That Time When We Expelled 60% of all Mexican Citizens in the US…

Mexican and Mexican-American families wait to board Mexico-bound trains in Los Angeles on March 8, 1932. County officials arranged these mass departures as part of “repatriation campaigns,” fueled by fears that Mexicans and Mexican-Americans were taking scarce jobs and government assistance during the Great Depression.

And We Can Do It Again, along with The Somalis, Indians, Haitians etc…

In the bitter winter of 1777-1778, at Valley Forge, our ancestors—those hardy Ethnic Americans of English, Scottish, Irish, German, and Dutch stock—endured frozen feet wrapped in rags, starvation gnawing at their bellies, and the constant specter of death from disease and Hessen bayonets. They sacrificed everything not for some abstract ideal, but for a sacred covenant: a republic built for “ourselves and our posterity,” as the Preamble to the United States Constitution declares. They bled on those icy fields to secure a homeland where their descendants—We the People—could thrive without the dilution of foreign masses eroding our culture, our jobs, and our birthright. Fast forward to the 1930s, amid the Great Depression’s crushing weight, and what do we see?

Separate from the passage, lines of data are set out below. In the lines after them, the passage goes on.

(* Let $M$ be a finite $n$-dimensional simplicial complex and $\alpha\in H^1(M;\mathbb{Z}/2)$ nonzero. Then $\operatorname{cut}^\alpha(M)\le (n+1)\operatorname{Vol}(M)$; more precisely, every $(n-1)$-simplex of a subcomplex attaining $\operatorname{cut}^\alpha(M)$ is a face of some $n$-simplex of $M$.
   Context: $\operatorname{Vol}(M)$ is the number of $n$-simplices of $M$. For nonzero $\alpha\in H^1(M;\mathbb{Z}/2)$, $\operatorname{cut}^\alpha(M)$ is the minimal number of $(n-1)$-simplices in a subcomplex $H\subseteq M$ of dimension at most $n-1$ such that $\alpha$ restricts to zero in $H^1(|M|\setminus|H|;\mathbb{Z}/2)$, where $|M|\setminus|H|$ is the difference of geometric realizations. *)

theory Defs
  imports "HOL-Analysis.Analysis" "HOL-Homology.Homology"
begin

text \<open>A finite simplicial complex on vertex type 'v: a finite family of finite nonempty
vertex sets (simplices), closed under taking nonempty subsets (faces).
A k-simplex is a simplex with k+1 vertices.\<close>

definition simplicial_complex :: "'v set set \<Rightarrow> bool" where
  "simplicial_complex M \<longleftrightarrow>
     (\<forall>s\<in>M. finite s \<and> s \<noteq> {}) \<and> (\<forall>s\<in>M. \<forall>t. t \<subseteq> s \<and> t \<noteq> {} \<longrightarrow> t \<in> M)"

definition finite_simplicial_complex :: "'v set set \<Rightarrow> bool" where
  "finite_simplicial_complex M \<longleftrightarrow> simplicial_complex M \<and> finite M"

definition sc_dim :: "'v set set \<Rightarrow> nat \<Rightarrow> bool" where
  "sc_dim M n \<longleftrightarrow> (\<exists>s\<in>M. card s = n + 1) \<and> (\<forall>s\<in>M. card s \<le> n + 1)"

definition simplices_of_dim :: "'v set set \<Rightarrow> nat \<Rightarrow> 'v set set" where
  "simplices_of_dim M k = {s\<in>M. card s = k + 1}"

definition Vol :: "'v set set \<Rightarrow> nat \<Rightarrow> nat" where
  "Vol M n = card (simplices_of_dim M n)"

definition subcomplex :: "'v set set \<Rightarrow> 'v set set \<Rightarrow> bool" where
  "subcomplex H M \<longleftrightarrow> H \<subseteq> M \<and> simplicial_complex H"

text \<open>The standard geometric realization inside the product space 'v \<Rightarrow> real
(barycentric coordinates), with the subspace topology of the product topology.\<close>

definition realization :: "'v set set \<Rightarrow> ('v \<Rightarrow> real) set" where
  "realization M = {x. (\<forall>v. 0 \<le> x v) \<and>
      (\<exists>s\<in>M. {v. x v \<noteq> 0} \<subseteq> s \<and> sum x s = 1)}"

definition realization_top :: "'v set set \<Rightarrow> ('v \<Rightarrow> real) topology" where
  "realization_top M = subtopology (powertop_real UNIV) (realization M)"

text \<open>Z/2 is represented by bool, with addition = exclusive or (\<noteq>).
A singular k-cochain with Z/2 coefficients is a function on singular k-simplices
(we take functions on all maps; only values on singular simplices matter).\<close>

definition Z2_cocycle1 :: "'a topology \<Rightarrow> (((nat \<Rightarrow> real) \<Rightarrow> 'a) \<Rightarrow> bool) \<Rightarrow> bool" where
  "Z2_cocycle1 X c \<longleftrightarrow>
     (\<forall>\<sigma>. singular_simplex 2 X \<sigma> \<longrightarrow>
        ((c (singular_face 2 0 \<sigma>) \<noteq> c (singular_face 2 1 \<sigma>)) \<noteq> c (singular_face 2 2 \<sigma>)) = False)"

definition Z2_coboundary1 :: "'a topology \<Rightarrow> (((nat \<Rightarrow> real) \<Rightarrow> 'a) \<Rightarrow> bool) \<Rightarrow> bool" where
  "Z2_coboundary1 X c \<longleftrightarrow>
     (\<exists>f :: ((nat \<Rightarrow> real) \<Rightarrow> 'a) \<Rightarrow> bool.
        \<forall>\<tau>. singular_simplex 1 X \<tau> \<longrightarrow>
          c \<tau> = (f (singular_face 1 0 \<tau>) \<noteq> f (singular_face 1 1 \<tau>)))"

text \<open>The class [c] in H^1(X;Z/2) restricts to zero on the subspace U: the singular
1-simplices of the subspace are those of X with image in U, so the restricted cocycle is
just c evaluated on them.\<close>

definition restricts_to_zero :: "'a topology \<Rightarrow> 'a set \<Rightarrow> (((nat \<Rightarrow> real) \<Rightarrow> 'a) \<Rightarrow> bool) \<Rightarrow> bool" where
  "restricts_to_zero X U c \<longleftrightarrow> Z2_coboundary1 (subtopology X U) c"

definition cut_admissible :: "'v set set \<Rightarrow> nat \<Rightarrow> (((nat \<Rightarrow> real) \<Rightarrow> ('v \<Rightarrow> real)) \<Rightarrow> bool) \<Rightarrow> 'v set set \<Rightarrow> bool" where
  "cut_admissible M n c H \<longleftrightarrow>
     subcomplex H M \<and> (\<forall>s\<in>H. card s \<le> n) \<and>
     restricts_to_zero (realization_top M) (realization M - realization H) c"

definition cut :: "'v set set \<Rightarrow> nat \<Rightarrow> (((nat \<Rightarrow> real) \<Rightarrow> ('v \<Rightarrow> real)) \<Rightarrow> bool) \<Rightarrow> nat" where
  "cut M n c = (LEAST k. \<exists>H. cut_admissible M n c H \<and> k = card (simplices_of_dim H (n - 1)))"

end

theory Submission
  imports Defs
begin

text \<open>The complement of the \<open>(n-1)\<close>-skeleton in \<open>|M|\<close> is the disjoint union of the open
  \<open>n\<close>-simplices. These are open and convex, and a class in \<open>H\<^sup>1\<close> vanishes on a convex set
  (contract it to a point) and on a disjoint union of open sets on each of which it vanishes
  (a singular 1-simplex is connected). So the skeleton cuts \<open>\<alpha>\<close>, and \<open>cut\<^sup>\<alpha>(M)\<close> is attained.
  If a minimal cutting complex \<open>H\<close> contained an \<open>(n-1)\<close>-simplex \<open>\<sigma>\<close> lying in no \<open>n\<close>-simplex,
  then \<open>\<sigma>\<close> would be maximal in \<open>M\<close>, its open simplex open and convex in \<open>|M|\<close>, and
  \<open>H - {\<sigma>}\<close> would still cut \<open>\<alpha>\<close>. Hence all \<open>(n-1)\<close>-simplices of \<open>H\<close> are among the
  \<open>n + 1\<close> facets of the \<open>n\<close>-simplices of \<open>M\<close>.\<close>

text \<open>Functions \<open>'v \<Rightarrow> real\<close> carry no \<open>real_vector\<close> instance, so convexity is spelled out
  coordinatewise.\<close>

definition pointwise_convex :: "('v \<Rightarrow> real) set \<Rightarrow> bool" where
  "pointwise_convex A \<longleftrightarrow>
     (\<forall>x\<in>A. \<forall>y\<in>A. \<forall>u::real. 0 \<le> u \<and> u \<le> 1 \<longrightarrow> (\<lambda>v. (1 - u) * x v + u * y v) \<in> A)"

definition segment_simplex :: "('v \<Rightarrow> real) \<Rightarrow> ('v \<Rightarrow> real) \<Rightarrow> (nat \<Rightarrow> real) \<Rightarrow> ('v \<Rightarrow> real)" where
  "segment_simplex p x = restrict (\<lambda>z v. z 0 * p v + z 1 * x v) (standard_simplex 1)"

abbreviation vertex0 :: "nat \<Rightarrow> real" where
  "vertex0 \<equiv> \<lambda>j. if j = 0 then 1 else 0"

lemma simplical_face_vertex0_in_standard_simplex:
  "k \<le> 1 \<Longrightarrow> simplical_face k vertex0 \<in> standard_simplex 1"
  using simplical_face_in_standard_simplex[of 1 k vertex0] by simp

lemma singular_face_1_eq:
  "singular_face 1 k \<tau> = restrict (\<lambda>_. \<tau> (simplical_face k vertex0)) (standard_simplex 0)"
  by (rule ext) (auto simp: singular_face_def standard_simplex_0)

lemma singular_face_1_vertex0: "singular_face 1 k \<tau> vertex0 = \<tau> (simplical_face k vertex0)"
  by (simp add: singular_face_1_eq standard_simplex_0 del: One_nat_def)

lemma singular_face_segment_simplex:
  "singular_face 1 0 (segment_simplex p x) = restrict (\<lambda>_. x) (standard_simplex 0)"
  "singular_face 1 1 (segment_simplex p x) = restrict (\<lambda>_. p) (standard_simplex 0)"
proof -
  have "simplical_face 0 vertex0 = (\<lambda>j. if j = 1 then 1 else 0)"
       "simplical_face 1 vertex0 = vertex0"
    by (auto simp: simplical_face_def)
  then show "singular_face 1 0 (segment_simplex p x) = restrict (\<lambda>_. x) (standard_simplex 0)"
            "singular_face 1 1 (segment_simplex p x) = restrict (\<lambda>_. p) (standard_simplex 0)"
    using simplical_face_vertex0_in_standard_simplex[of 0] simplical_face_vertex0_in_standard_simplex[of 1]
    by (simp_all only: singular_face_1_eq) (simp_all add: segment_simplex_def)
qed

A bold, if imperfect, pushback: the Mexican Repatriation Program, where we DID kick out 2 million Mexicans from America, and 60% of them were U.S. citizens—1.2 million American citizens of Mexican descent removed!

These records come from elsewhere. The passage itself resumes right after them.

primrec fpow :: "nat \<Rightarrow> fmat \<Rightarrow> nat \<Rightarrow> fmat" where
  "fpow m A 0 = fid"
| "fpow m A (Suc k) = fmul m (fpow m A k) A"

definition ftrans :: "fmat \<Rightarrow> fmat" where
  "ftrans A = (\<lambda>a b. A b a)"

definition fdiag :: "(nat \<Rightarrow> real) \<Rightarrow> fmat" where
  "fdiag d = (\<lambda>a b. if a = b then d a else 0)"

definition stochastic :: "nat \<Rightarrow> fmat \<Rightarrow> bool" where
  "stochastic m P \<longleftrightarrow> (\<forall>a<m. \<forall>b<m. P a b \<ge> 0) \<and> (\<forall>a<m. (\<Sum>b<m. P a b) = 1)"

definition irreducible_mat :: "nat \<Rightarrow> fmat \<Rightarrow> bool" where
  "irreducible_mat m P \<longleftrightarrow> (\<forall>a<m. \<forall>b<m. \<exists>k. fpow m P k a b > 0)"

definition detailed_balance :: "nat \<Rightarrow> fmat \<Rightarrow> (nat \<Rightarrow> real) \<Rightarrow> bool" where
  "detailed_balance m P \<sigma> \<longleftrightarrow> (\<forall>a<m. \<forall>b<m. \<sigma> a * P a b = \<sigma> b * P b a)"

definition pos_prob :: "nat \<Rightarrow> (nat \<Rightarrow> real) \<Rightarrow> bool" where
  "pos_prob m \<sigma> \<longleftrightarrow> (\<forall>a<m. \<sigma> a > 0) \<and> (\<Sum>a<m. \<sigma> a) = 1"

definition feq :: "nat \<Rightarrow> fmat \<Rightarrow> fmat \<Rightarrow> bool" where
  "feq m A B \<longleftrightarrow> (\<forall>a<m. \<forall>b<m. A a b = B a b)"

definition Jmat :: "nat \<Rightarrow> fmat" where
  "Jmat m = (\<lambda>a b. 1 / real m)"

definition Amat :: fmat where
  "Amat = (\<lambda>a b. if b = 0 then 1 else 0)"

definition Jdiag :: fmat where
  "Jdiag = (\<lambda>a b. if a = 0 \<and> b = 0 then 1 else 0)"

definition Inorm :: "(nat \<Rightarrow> real) \<Rightarrow> fmat" where
  "Inorm \<sigma> = (\<lambda>a b. if a = b then \<sigma> a powr (-1/2) else 0)"

definition pspace :: "nat \<Rightarrow> (nat \<Rightarrow> nat) \<Rightarrow> (nat \<Rightarrow> nat) set" where
  "pspace n m = PiE {1..n} (\<lambda>i. {..<m i})"

definition kron :: "nat \<Rightarrow> (nat \<Rightarrow> fmat) \<Rightarrow> pmat" where
  "kron n F = (\<lambda>x y. \<Prod>i\<in>{1..n}. F i (x i) (y i))"

definition pmul :: "nat \<Rightarrow> (nat \<Rightarrow> nat) \<Rightarrow> pmat \<Rightarrow> pmat \<Rightarrow> pmat" where
  "pmul n m A B = (\<lambda>x z. \<Sum>y\<in>pspace n m. A x y * B y z)"

definition ptrans :: "pmat \<Rightarrow> pmat" where
  "ptrans A = (\<lambda>x y. A y x)"

definition pid :: pmat where
  "pid = (\<lambda>x y. if x = y then 1 else 0)"

definition peq :: "nat \<Rightarrow> (nat \<Rightarrow> nat) \<Rightarrow> pmat \<Rightarrow> pmat \<Rightarrow> bool" where
  "peq n m A B \<longleftrightarrow> (\<forall>x\<in>pspace n m. \<forall>y\<in>pspace n m. A x y = B x y)"

end

theory Submission
  imports Defs
begin

text \<open>Write U as the sum of the Kronecker products T_k = kron (U_term k), k = 1..n, and P, \<Delta> as
the weighted sums of K_i = kron (P_term i), E_i = kron (Delta_term i). By the mixed-product rule
all products of Kronecker products are computed factorwise. For k \<ge> 2 the columns of U_k - A
are orthogonal to the constants, because \<sigma>_k is uniform, so they are annihilated by J and Jdiag
alike. Hence K_i T_k = T_k E_i = 0 for i < k, while for i \<ge> k the two products agree factor by
factor; this gives PU = U\<Delta> whatever the weights. For the Gram matrix, T_k^T D T_l = 0 for k \<noteq> l,
and T_k^T D T_k = Q_k - Q_(k-1) (just Q_1 for k = 1), where Q_N = partial_id N has N identity
factors followed by Jdiag's; the sum telescopes to Q_n = I.\<close>

lemma pmul_kron:
  "pmul n m (kron n F) (kron n G) x z = kron n (\<lambda>j. fmul (m j) (F j) (G j)) x z"
proof -
  have "kron n (\<lambda>j. fmul (m j) (F j) (G j)) x z
      = (\<Prod>j\<in>{1..n}. \<Sum>b\<in>{..<m j}. F j (x j) b * G j b (z j))"
    by (simp add: kron_def fmul_def)
  also have "\<dots> = (\<Sum>y\<in>pspace n m. \<Prod>j\<in>{1..n}. F j (x j) (y j) * G j (y j) (z j))"
    unfolding pspace_def by (rule prod_sum_PiE) auto
  also have "\<dots> = pmul n m (kron n F) (kron n G) x z"
    by (simp add: pmul_def kron_def prod.distrib)
  finally show ?thesis by simp
qed

lemma pspace_lessD: "x \<in> pspace n m \<Longrightarrow> j \<in> {1..n} \<Longrightarrow> x j < m j"
  by (auto simp: pspace_def PiE_def Pi_def)

lemma kron_cong_feq:
  assumes "\<And>j. j \<in> {1..n} \<Longrightarrow> feq (m j) (F j) (G j)" "x \<in> pspace n m" "y \<in> pspace n m"
  shows "kron n F x y = kron n G x y"
  unfolding kron_def
  using assms by (intro prod.cong) (auto simp: feq_def pspace_lessD)

lemma kron_cong: "(\<And>j. j \<in> {1..n} \<Longrightarrow> F j = G j) \<Longrightarrow> kron n F x y = kron n G x y"
  unfolding kron_def by (intro prod.cong) auto

lemma kron_eq_0:
  assumes "k \<in> {1..n}" "F k (x k) (y k) = 0"
  shows "kron n F x y = 0"
  unfolding kron_def using assms by (intro prod_zero) auto

lemma kron_fun_upd_diff:
  assumes "k \<in> {1..n}"
  shows "kron n (F(k := (\<lambda>a b. A a b - B a b))) x y
       = kron n (F(k := A)) x y - kron n (F(k := B)) x y"
proof -
  have split: "kron n H x y = H k (x k) (y k) * (\<Prod>j\<in>{1..n}-{k}. H j (x j) (y j))" for H
    unfolding kron_def using prod.remove[OF _ assms] by simp
  have "(\<Prod>j\<in>{1..n}-{k}. (F(k := C)) j (x j) (y j)) = (\<Prod>j\<in>{1..n}-{k}. F j (x j) (y j))" for C
    by (rule prod.cong) auto
  then show ?thesis by (simp add: split algebra_simps)
qed

lemma kron_diag_eq_pid:
  assumes "x \<in> pspace n m" "y \<in> pspace n m"
  shows "kron n (\<lambda>_. fid) x y = pid x y"
proof (cases "x = y")
  case False
  then obtain j where j: "x j \<noteq> y j" by auto
  have "j \<in> {1..n}"
  proof (rule ccontr)
    assume "j \<notin> {1..n}"
    with assms have "x j = undefined" "y j = undefined"
      by (auto simp: pspace_def PiE_def extensional_def)
    with j show False by simp
  qed
  with j False show ?thesis by (simp add: kron_eq_0[of j] fid_def pid_def)
qed (simp add: kron_def fid_def pid_def)

lemma pmul_sum_left:
  "pmul n m (\<lambda>x y. \<Sum>i\<in>I. f i x y) B = (\<lambda>x z. \<Sum>i\<in>I. pmul n m (f i) B x z)"
  unfolding pmul_def by (intro ext) (simp add: sum_distrib_right, rule sum.swap)

lemma pmul_sum_right:
  "pmul n m A (\<lambda>x y. \<Sum>i\<in>I. f i x y) = (\<lambda>x z. \<Sum>i\<in>I. pmul n m A (f i) x z)"
  unfolding pmul_def by (intro ext) (simp add: sum_distrib_left, rule sum.swap)

lemma pmul_scale_left: "pmul n m (\<lambda>x y. c * A x y) B x z = c * pmul n m A B x z"
  unfolding pmul_def by (simp add: sum_distrib_left mult.assoc)

lemma pmul_scale_right: "pmul n m A (\<lambda>x y. c * B x y) x z = c * pmul n m A B x z"
  unfolding pmul_def by (simp add: sum_distrib_left algebra_simps)

lemma fmul_fid_left: "a < m \<Longrightarrow> fmul m fid X a c = X a c"
  unfolding fmul_def fid_def by (simp add: if_distrib[of "\<lambda>v. v * _"] cong: if_cong)

lemma fmul_fid_right: "c < m \<Longrightarrow> fmul m X fid a c = X a c"
  unfolding fmul_def fid_def by (simp add: if_distrib[of "\<lambda>v. _ * v"] cong: if_cong)

lemma fmul_diff_left: "fmul m (\<lambda>a b. Y a b - Z a b) X a c = fmul m Y X a c - fmul m Z X a c"
  by (simp add: fmul_def algebra_simps sum_subtractf)

lemma fmul_diff_right: "fmul m X (\<lambda>a b. Y a b - Z a b) a c = fmul m X Y a c - fmul m X Z a c"
  by (simp add: fmul_def algebra_simps sum_subtractf)

lemma gram_eq: "fmul m (fmul m (ftrans X) (fdiag s)) Y a c = (\<Sum>b<m. X b a * s b * Y b c)"
proof -
  have "b < m \<Longrightarrow> fmul m (ftrans X) (fdiag s) a b = X b a * s b" for b
    by (simp add: fmul_def ftrans_def fdiag_def if_distrib cong: if_cong)
  then show ?thesis by (simp add: fmul_def)
qed

lemma stochastic_fmul_Amat: "stochastic m P \<Longrightarrow> a < m \<Longrightarrow> fmul m P Amat a c = Amat a c"
  by (simp add: fmul_def Amat_def stochastic_def)

lemma fmul_Jmat_Amat: "0 < m \<Longrightarrow> fmul m (Jmat m) Amat a c = Amat a c"
  by (simp add: fmul_def Amat_def Jmat_def)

Yet today, in 2025, as alien hordes like Somalis running billion-dollar welfare scams— talked about all over X.com, Haitians overwhelming many towns like Springfield, Ohio, and Congolese destroying communities across the heartland under the guise of “refugee resettlement,” we’re told by spineless elites that mass removals—let alone denaturalization of entire groups—are impossible, unconstitutional, or inhumane. I say, “nonsense“. If our forbearers could forge a nation from frozen sacrifice, and if President Hoover’s era could expel whole communities without stripping citizenship papers first, then we can—and must—do it again to honor the founding covenant and protect our posterity from betrayal.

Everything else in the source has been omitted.